_What to produce_
Up to and including the line with "walsh_coeff_affine_indicator_sum_Ints[OF qs(1) that]", return every line from the start of the entries below exactly.

_Task inputs_
-=-=-=-=-

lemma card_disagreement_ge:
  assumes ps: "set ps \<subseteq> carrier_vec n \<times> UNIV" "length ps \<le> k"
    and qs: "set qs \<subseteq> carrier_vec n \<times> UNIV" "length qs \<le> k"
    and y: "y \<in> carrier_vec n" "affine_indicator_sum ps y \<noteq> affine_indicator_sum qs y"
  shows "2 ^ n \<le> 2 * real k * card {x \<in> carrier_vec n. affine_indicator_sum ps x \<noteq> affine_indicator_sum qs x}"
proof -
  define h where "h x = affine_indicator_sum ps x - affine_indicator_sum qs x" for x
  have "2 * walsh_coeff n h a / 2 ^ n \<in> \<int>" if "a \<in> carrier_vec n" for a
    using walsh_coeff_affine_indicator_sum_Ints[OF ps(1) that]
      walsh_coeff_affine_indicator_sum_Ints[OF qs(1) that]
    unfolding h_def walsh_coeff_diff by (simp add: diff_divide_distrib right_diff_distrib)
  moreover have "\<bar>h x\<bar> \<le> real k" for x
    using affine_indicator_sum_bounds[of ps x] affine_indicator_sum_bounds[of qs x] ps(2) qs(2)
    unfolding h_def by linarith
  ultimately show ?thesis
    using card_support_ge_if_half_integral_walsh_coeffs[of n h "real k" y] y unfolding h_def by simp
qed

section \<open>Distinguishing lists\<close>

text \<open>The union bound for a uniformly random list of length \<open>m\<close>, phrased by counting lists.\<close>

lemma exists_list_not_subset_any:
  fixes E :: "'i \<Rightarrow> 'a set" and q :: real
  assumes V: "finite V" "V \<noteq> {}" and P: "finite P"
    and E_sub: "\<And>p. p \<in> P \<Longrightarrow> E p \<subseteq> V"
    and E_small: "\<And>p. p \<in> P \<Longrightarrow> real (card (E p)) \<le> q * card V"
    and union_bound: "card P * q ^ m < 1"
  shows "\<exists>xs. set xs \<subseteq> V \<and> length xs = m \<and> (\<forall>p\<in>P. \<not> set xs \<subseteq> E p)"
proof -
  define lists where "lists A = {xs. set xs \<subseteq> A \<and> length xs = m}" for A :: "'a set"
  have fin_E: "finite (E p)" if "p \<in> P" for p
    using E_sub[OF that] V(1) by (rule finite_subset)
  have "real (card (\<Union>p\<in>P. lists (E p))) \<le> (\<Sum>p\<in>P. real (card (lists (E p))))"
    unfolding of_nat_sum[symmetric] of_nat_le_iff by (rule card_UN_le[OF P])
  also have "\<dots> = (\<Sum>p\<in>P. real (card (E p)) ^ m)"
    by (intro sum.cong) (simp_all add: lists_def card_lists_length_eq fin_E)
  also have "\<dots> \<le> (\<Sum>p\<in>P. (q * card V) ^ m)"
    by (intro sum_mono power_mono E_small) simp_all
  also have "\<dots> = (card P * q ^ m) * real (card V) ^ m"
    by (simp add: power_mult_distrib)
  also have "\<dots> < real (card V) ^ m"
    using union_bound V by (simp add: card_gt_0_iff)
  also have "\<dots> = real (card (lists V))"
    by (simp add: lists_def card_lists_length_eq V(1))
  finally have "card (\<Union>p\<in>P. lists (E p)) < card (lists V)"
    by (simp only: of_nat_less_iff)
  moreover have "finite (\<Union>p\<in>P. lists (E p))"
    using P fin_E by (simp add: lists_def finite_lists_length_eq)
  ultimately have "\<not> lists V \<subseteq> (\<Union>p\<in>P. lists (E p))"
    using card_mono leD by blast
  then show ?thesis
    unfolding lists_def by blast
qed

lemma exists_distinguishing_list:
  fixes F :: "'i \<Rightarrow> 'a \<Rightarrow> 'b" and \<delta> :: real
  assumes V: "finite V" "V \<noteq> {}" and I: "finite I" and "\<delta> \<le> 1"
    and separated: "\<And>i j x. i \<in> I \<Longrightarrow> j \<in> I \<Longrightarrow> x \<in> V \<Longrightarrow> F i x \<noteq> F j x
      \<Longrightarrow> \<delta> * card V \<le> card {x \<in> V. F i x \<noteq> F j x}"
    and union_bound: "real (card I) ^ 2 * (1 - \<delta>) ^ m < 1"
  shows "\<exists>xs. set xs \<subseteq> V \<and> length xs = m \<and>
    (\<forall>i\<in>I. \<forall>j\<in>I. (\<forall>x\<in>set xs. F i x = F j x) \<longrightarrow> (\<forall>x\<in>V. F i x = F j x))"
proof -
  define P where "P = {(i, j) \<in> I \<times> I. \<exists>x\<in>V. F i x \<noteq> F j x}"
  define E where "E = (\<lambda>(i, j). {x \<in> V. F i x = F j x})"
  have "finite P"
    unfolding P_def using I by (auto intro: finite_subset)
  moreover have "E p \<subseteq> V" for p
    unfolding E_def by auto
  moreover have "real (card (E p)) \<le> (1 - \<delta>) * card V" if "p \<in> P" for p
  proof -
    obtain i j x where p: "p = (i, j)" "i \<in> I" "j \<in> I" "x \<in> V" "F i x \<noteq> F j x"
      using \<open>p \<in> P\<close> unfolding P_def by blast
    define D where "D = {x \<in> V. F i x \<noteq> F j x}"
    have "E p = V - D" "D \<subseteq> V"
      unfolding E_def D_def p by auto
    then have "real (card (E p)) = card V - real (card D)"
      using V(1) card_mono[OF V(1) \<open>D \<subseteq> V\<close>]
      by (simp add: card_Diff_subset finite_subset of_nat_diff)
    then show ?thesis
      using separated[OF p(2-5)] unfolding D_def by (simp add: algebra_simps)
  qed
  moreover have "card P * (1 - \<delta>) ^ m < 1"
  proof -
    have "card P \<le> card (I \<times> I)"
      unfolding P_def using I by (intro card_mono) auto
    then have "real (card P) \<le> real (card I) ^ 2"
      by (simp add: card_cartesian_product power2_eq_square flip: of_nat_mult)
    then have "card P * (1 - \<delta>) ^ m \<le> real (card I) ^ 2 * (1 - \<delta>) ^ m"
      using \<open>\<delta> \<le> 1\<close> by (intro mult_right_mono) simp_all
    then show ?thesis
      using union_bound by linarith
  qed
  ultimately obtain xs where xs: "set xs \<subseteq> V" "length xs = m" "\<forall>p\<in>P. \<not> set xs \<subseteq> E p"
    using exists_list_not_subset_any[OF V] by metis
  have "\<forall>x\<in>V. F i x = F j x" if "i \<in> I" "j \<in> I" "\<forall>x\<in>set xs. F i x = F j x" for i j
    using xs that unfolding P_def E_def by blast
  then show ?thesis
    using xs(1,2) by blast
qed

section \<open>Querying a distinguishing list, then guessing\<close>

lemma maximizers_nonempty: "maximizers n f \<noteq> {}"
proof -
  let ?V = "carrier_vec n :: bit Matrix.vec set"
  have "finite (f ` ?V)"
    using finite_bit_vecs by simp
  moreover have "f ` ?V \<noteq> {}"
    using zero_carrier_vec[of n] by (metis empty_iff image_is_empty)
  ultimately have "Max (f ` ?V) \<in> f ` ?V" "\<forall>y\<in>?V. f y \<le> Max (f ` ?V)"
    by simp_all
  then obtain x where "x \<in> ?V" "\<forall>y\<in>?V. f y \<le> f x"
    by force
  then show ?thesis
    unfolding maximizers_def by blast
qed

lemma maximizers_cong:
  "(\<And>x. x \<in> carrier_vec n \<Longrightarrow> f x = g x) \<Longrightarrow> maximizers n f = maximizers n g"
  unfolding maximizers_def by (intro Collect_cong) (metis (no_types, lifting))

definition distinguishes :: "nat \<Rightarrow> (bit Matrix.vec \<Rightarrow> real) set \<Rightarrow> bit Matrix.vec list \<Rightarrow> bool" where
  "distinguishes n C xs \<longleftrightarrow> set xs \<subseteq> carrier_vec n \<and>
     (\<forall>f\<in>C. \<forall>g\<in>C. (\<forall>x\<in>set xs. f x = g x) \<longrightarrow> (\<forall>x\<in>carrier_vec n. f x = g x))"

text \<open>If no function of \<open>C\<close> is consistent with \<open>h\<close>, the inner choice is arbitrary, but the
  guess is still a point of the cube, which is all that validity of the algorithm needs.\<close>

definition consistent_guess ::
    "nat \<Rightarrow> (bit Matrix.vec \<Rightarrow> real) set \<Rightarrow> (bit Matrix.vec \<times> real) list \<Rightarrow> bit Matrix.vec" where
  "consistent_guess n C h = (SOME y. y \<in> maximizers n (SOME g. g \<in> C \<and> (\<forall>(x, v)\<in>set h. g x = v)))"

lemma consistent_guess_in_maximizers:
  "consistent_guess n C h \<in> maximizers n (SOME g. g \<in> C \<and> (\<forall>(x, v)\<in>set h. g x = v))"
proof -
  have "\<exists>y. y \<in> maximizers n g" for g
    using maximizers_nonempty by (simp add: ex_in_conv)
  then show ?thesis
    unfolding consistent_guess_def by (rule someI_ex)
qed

-=-=-=-=-

_Answer to this task_
lemma card_disagreement_ge:
  assumes ps: "set ps \<subseteq> carrier_vec n \<times> UNIV" "length ps \<le> k"
    and qs: "set qs \<subseteq> carrier_vec n \<times> UNIV" "length qs \<le> k"
    and y: "y \<in> carrier_vec n" "affine_indicator_sum ps y \<noteq> affine_indicator_sum qs y"
  shows "2 ^ n \<le> 2 * real k * card {x \<in> carrier_vec n. affine_indicator_sum ps x \<noteq> affine_indicator_sum qs x}"
proof -
  define h where "h x = affine_indicator_sum ps x - affine_indicator_sum qs x" for x
  have "2 * walsh_coeff n h a / 2 ^ n \<in> \<int>" if "a \<in> carrier_vec n" for a
    using walsh_coeff_affine_indicator_sum_Ints[OF ps(1) that]
      walsh_coeff_affine_indicator_sum_Ints[OF qs(1) that]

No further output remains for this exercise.